Good stuff...keep'em coming.

I think we need to be mindful of scriptural application concerning the Old Testament/Covenant and New Testament/Covenant.

Let's not forget that in the days of the Old Testament, an animal sacrifice was necessary for forgiveness of sins. Obviously that is no longer required due to the blood that was spilled on the Cross for each and every one of us by our Lord Jesus Christ.

Concerning my reference to Matthew 5:39, the verse immediately preceding states "Ye have heard it hath been said, An eye for and eye, and a tooth for a tooth". I believe the Lord was speaking of the Old Covenant and obviously stating that it no longer applies.

I by no means am trying to discount the Old Testament in any way but many things changed with the birth and eventual death, resurrection and ascension of Jesus.

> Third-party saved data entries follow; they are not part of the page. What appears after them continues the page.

lemma compact_Tdom_fundamental:
  "compact (Tdom_fundamental T :: ((complex^'n) \<times> (complex^'n)) set)"
proof -
  have "(Tdom_fundamental T :: ((complex^'n) \<times> (complex^'n)) set)
      = Tdom T \<inter> {z. \<forall>j. 0 \<le> Re (fst z $ j) \<and> Re (fst z $ j) \<le> 2*pi}"
    by (auto simp: Tdom_fundamental_def)
  then have "closed (Tdom_fundamental T :: ((complex^'n) \<times> (complex^'n)) set)"
    by (simp only:) (intro closed_Int closed_Tdom closed_Collect_all closed_Collect_conj
        closed_Collect_le continuous_intros)
  moreover have "norm z \<le> 2 * (real CARD('n) * (2*pi + \<bar>T\<bar>))"
    if "z \<in> Tdom_fundamental T" for z :: "(complex^'n) \<times> (complex^'n)"
  proof -
    have "cmod (fst z $ i) \<le> 2*pi + \<bar>T\<bar>" for i
    proof -
      have "\<bar>Re (fst z $ i)\<bar> \<le> 2*pi" "\<bar>Im (fst z $ i)\<bar> \<le> \<bar>T\<bar>"
        using that by (auto simp: Tdom_fundamental_def Tdom_eq) (meson abs_ge_self order.trans)
      then show ?thesis using cmod_le[of "fst z $ i"] by linarith
    qed
    moreover have "cmod (snd z $ i) \<le> 2*pi + \<bar>T\<bar>" for i
      using that pi_gt_zero by (auto simp: Tdom_fundamental_def Tdom_eq) (smt (verit) pi_gt_zero)
    ultimately have "norm (fst z) \<le> real CARD('n) * (2*pi + \<bar>T\<bar>)"
      "norm (snd z) \<le> real CARD('n) * (2*pi + \<bar>T\<bar>)"
      by (blast intro: norm_vec_le_card_mult)+
    then show ?thesis using norm_Pair_le[of "fst z" "snd z"] by simp
  qed
  then have "bounded (Tdom_fundamental T :: ((complex^'n) \<times> (complex^'n)) set)"
    unfolding bounded_iff by blast
  ultimately show ?thesis by (simp add: compact_eq_bounded_closed)
qed

lemma angle_periodic_reduce_to_fundamental:
  assumes per: "angle_periodic f (Tdom T)" and z: "z \<in> Tdom T"
  obtains z' where "z' \<in> Tdom_fundamental T" "f z' = f z"
proof -
  obtain \<theta> r where zr: "z = (\<theta>, r)" by (cases z)
  define k :: "'a \<Rightarrow> int" where "k i = - \<lfloor>Re (\<theta> $ i) / (2*pi)\<rfloor>" for i
  define \<theta>' where "\<theta>' = \<theta> + (\<chi> i. of_int (k i) * complex_of_real (2*pi))"
  have "(\<theta>', r) \<in> Tdom T" unfolding \<theta>'_def by (rule Tdom_add_real) (use z zr in auto)
  moreover have "0 \<le> Re (\<theta>' $ j) \<and> Re (\<theta>' $ j) \<le> 2*pi" for j
  proof -
    let ?x = "Re (\<theta> $ j) / (2*pi)"
    have "Re (\<theta>' $ j) = 2*pi * (?x - of_int \<lfloor>?x\<rfloor>)"
      by (simp add: \<theta>'_def k_def algebra_simps)
    moreover have "0 \<le> ?x - of_int \<lfloor>?x\<rfloor>" "?x - of_int \<lfloor>?x\<rfloor> \<le> 1" by linarith+
    ultimately show ?thesis by (simp add: mult_le_cancel_left1)
  qed
  ultimately have "(\<theta>', r) \<in> Tdom_fundamental T" by (simp add: Tdom_fundamental_def)
  moreover have "f (\<theta>', r) = f z"
    unfolding \<theta>'_def zr by (rule angle_periodic_lattice[OF per]) (use z zr in simp)
  ultimately show ?thesis by (rule that)
qed

lemma A_space_bounded:
  fixes f :: "(complex^'n) \<times> (complex^'n) \<Rightarrow> complex"
  assumes "f \<in> A_space T"
  obtains B where "\<And>z. z \<in> Tdom T \<Longrightarrow> cmod (f z) \<le> B"
proof -
  have cont: "continuous_on (Tdom T) f" and per: "angle_periodic f (Tdom T)"
    using assms by (auto simp: A_space_def)
  have "Tdom_fundamental T \<subseteq> Tdom T" by (auto simp: Tdom_fundamental_def)
  then have "compact (f ` Tdom_fundamental T)"
    by (intro compact_continuous_image continuous_on_subset[OF cont] compact_Tdom_fundamental)
  then obtain B where B: "\<And>y. y \<in> f ` Tdom_fundamental T \<Longrightarrow> norm y \<le> B"
    by (meson compact_imp_bounded bounded_iff)
  show ?thesis
  proof (rule that)
    fix z :: "(complex^'n) \<times> (complex^'n)"
    assume "z \<in> Tdom T"
    then obtain z' where "z' \<in> Tdom_fundamental T" "f z' = f z"
      using angle_periodic_reduce_to_fundamental[OF per] by blast
    then show "cmod (f z) \<le> B" using B by force
  qed
qed

lemma supnorm_upper:
  assumes bnd: "\<And>z. z \<in> Tdom T \<Longrightarrow> cmod (f z) \<le> B" and "t \<le> T" and z: "z \<in> Tdom t"
  shows "cmod (f z) \<le> supnorm t f"
proof -
  have "cmod (f x) \<le> B" if "x \<in> Tdom t" for x
    by (rule bnd[OF subsetD[OF Tdom_mono[OF \<open>t \<le> T\<close>] that]])
  then have "bdd_above ((\<lambda>z. cmod (f z)) ` Tdom t)" by (rule bdd_aboveI2)
  then show ?thesis unfolding supnorm_def by (rule cSUP_upper[OF z])
qed

lemma supnorm_square_le:
  fixes f :: "(complex^'n) \<times> (complex^'n) \<Rightarrow> complex"
  assumes t: "0 \<le> t" and bnd: "\<And>z. z \<in> Tdom t \<Longrightarrow> cmod (f z) \<le> B"
    and sq: "\<And>z. z \<in> Tdom t \<Longrightarrow> (cmod (f z))\<^sup>2 \<le> M"
  shows "(supnorm t f)\<^sup>2 \<le> M"
proof -
  have zero: "(0, 0) \<in> Tdom t" by (rule zero_in_Tdom[OF t])
  have "0 \<le> supnorm t f"
    by (rule order.trans[OF norm_ge_zero supnorm_upper[OF bnd order.refl zero]])
  moreover have "supnorm t f \<le> sqrt M"
    unfolding supnorm_def using zero by (intro cSUP_least) (auto simp: real_le_rsqrt sq)
  moreover have "0 \<le> M" by (rule order.trans[OF zero_le_power2 sq[OF zero]])
  ultimately show ?thesis using power_mono[of "supnorm t f" "sqrt M" 2] by simp
qed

I guess "righteous" was a poor word choice....perhaps "justified" would be closer to what I was trying to say.


----------



## DA REEL DADDY (Jun 7, 2005)

I will agree with the word justified.

There many scriptures in the bible about having to protect yourself and the righteous from evil. 

David and Goliath, in Nehemiah 4 the Jews stood guard and protected themselves, and there are other scriptures.


----------



## bigfishtx (Jul 17, 2007)

So all of my heroes from WWII are going to hell?

How about the guy that shot the terrorist in Texas? 

I am sure that God is just fine protecting yourself against evil.


----------



## Bayoutalker (Jun 30, 2012)

I hope I never have to make that decision but if I do I will be prepared to do what is necessary. When the time comes to atone for my sins I'll just have to take whatever judgement is placed on me.

Cliff


----------